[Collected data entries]

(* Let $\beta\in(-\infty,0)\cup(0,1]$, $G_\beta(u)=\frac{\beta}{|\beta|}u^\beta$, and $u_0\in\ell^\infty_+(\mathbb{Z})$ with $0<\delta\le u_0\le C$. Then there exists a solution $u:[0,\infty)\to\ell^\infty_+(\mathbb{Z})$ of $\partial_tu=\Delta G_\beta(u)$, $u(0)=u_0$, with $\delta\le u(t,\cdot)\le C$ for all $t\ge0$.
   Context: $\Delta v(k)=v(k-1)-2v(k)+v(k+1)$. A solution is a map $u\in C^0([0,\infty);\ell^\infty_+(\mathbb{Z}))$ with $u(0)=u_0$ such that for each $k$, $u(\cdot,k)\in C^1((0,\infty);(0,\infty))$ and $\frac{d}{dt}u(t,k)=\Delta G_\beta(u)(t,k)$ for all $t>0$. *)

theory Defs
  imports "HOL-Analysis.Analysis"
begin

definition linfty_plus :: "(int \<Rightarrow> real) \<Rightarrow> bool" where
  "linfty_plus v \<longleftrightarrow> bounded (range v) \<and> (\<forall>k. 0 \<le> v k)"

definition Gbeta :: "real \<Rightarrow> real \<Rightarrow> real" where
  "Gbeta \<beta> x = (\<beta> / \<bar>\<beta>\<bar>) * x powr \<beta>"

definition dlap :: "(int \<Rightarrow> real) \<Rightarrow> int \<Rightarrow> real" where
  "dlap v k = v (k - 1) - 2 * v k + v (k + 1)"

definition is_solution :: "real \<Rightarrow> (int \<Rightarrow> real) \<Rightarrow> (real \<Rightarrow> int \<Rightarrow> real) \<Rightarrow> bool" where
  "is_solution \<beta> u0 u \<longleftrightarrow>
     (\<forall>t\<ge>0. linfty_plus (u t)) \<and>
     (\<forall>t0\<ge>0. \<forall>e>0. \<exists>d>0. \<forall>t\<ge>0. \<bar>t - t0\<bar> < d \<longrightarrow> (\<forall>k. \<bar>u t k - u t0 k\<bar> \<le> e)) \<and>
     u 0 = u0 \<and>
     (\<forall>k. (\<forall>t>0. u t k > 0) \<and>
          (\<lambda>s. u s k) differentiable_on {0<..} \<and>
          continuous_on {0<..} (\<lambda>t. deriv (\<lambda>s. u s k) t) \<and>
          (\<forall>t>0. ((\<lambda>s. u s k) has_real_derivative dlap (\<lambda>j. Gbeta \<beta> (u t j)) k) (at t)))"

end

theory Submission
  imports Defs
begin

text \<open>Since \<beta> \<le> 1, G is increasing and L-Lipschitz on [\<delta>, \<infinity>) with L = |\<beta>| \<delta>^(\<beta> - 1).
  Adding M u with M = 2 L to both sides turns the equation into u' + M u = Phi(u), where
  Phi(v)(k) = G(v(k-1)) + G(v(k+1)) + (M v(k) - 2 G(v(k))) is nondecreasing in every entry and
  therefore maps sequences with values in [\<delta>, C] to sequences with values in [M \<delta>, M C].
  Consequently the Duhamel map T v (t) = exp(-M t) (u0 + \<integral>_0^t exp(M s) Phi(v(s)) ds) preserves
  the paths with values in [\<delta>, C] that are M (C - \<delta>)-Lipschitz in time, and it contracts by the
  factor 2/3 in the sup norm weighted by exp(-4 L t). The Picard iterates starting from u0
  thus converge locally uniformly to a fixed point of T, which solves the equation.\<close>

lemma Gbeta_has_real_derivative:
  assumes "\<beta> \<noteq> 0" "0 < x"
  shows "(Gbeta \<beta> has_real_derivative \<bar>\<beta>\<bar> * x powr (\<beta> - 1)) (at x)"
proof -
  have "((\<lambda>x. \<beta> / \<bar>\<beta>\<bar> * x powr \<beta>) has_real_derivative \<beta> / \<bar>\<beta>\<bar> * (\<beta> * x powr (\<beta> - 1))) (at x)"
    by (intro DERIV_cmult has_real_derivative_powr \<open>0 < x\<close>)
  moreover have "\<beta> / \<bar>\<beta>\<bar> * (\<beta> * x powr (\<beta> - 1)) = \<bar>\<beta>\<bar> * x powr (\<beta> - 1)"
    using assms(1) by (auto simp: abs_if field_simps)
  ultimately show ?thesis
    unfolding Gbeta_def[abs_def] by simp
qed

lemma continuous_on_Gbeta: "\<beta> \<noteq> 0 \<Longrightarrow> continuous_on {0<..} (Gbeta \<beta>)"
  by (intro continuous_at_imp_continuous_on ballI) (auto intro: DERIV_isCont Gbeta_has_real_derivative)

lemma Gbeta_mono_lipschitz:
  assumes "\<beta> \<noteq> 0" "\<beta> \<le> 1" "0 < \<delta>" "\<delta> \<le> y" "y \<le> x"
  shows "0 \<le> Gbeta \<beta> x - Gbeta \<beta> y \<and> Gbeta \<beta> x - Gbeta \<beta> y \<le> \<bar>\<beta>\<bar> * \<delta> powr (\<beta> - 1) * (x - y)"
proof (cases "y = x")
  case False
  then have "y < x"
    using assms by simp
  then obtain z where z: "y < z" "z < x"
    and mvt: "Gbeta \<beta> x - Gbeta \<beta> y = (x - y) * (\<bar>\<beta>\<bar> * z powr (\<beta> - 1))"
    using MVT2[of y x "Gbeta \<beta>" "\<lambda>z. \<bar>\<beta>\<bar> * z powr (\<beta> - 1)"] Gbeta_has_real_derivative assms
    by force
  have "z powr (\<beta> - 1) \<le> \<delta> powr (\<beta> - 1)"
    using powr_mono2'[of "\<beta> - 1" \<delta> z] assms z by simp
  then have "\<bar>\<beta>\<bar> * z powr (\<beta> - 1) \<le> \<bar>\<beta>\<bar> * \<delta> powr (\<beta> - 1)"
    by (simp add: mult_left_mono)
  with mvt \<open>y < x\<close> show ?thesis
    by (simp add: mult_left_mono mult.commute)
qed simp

__What the exercise asks__: Look over the data and work out how many lines include the word "dlap"; reply with the number only.

__Response for this exercise__: 3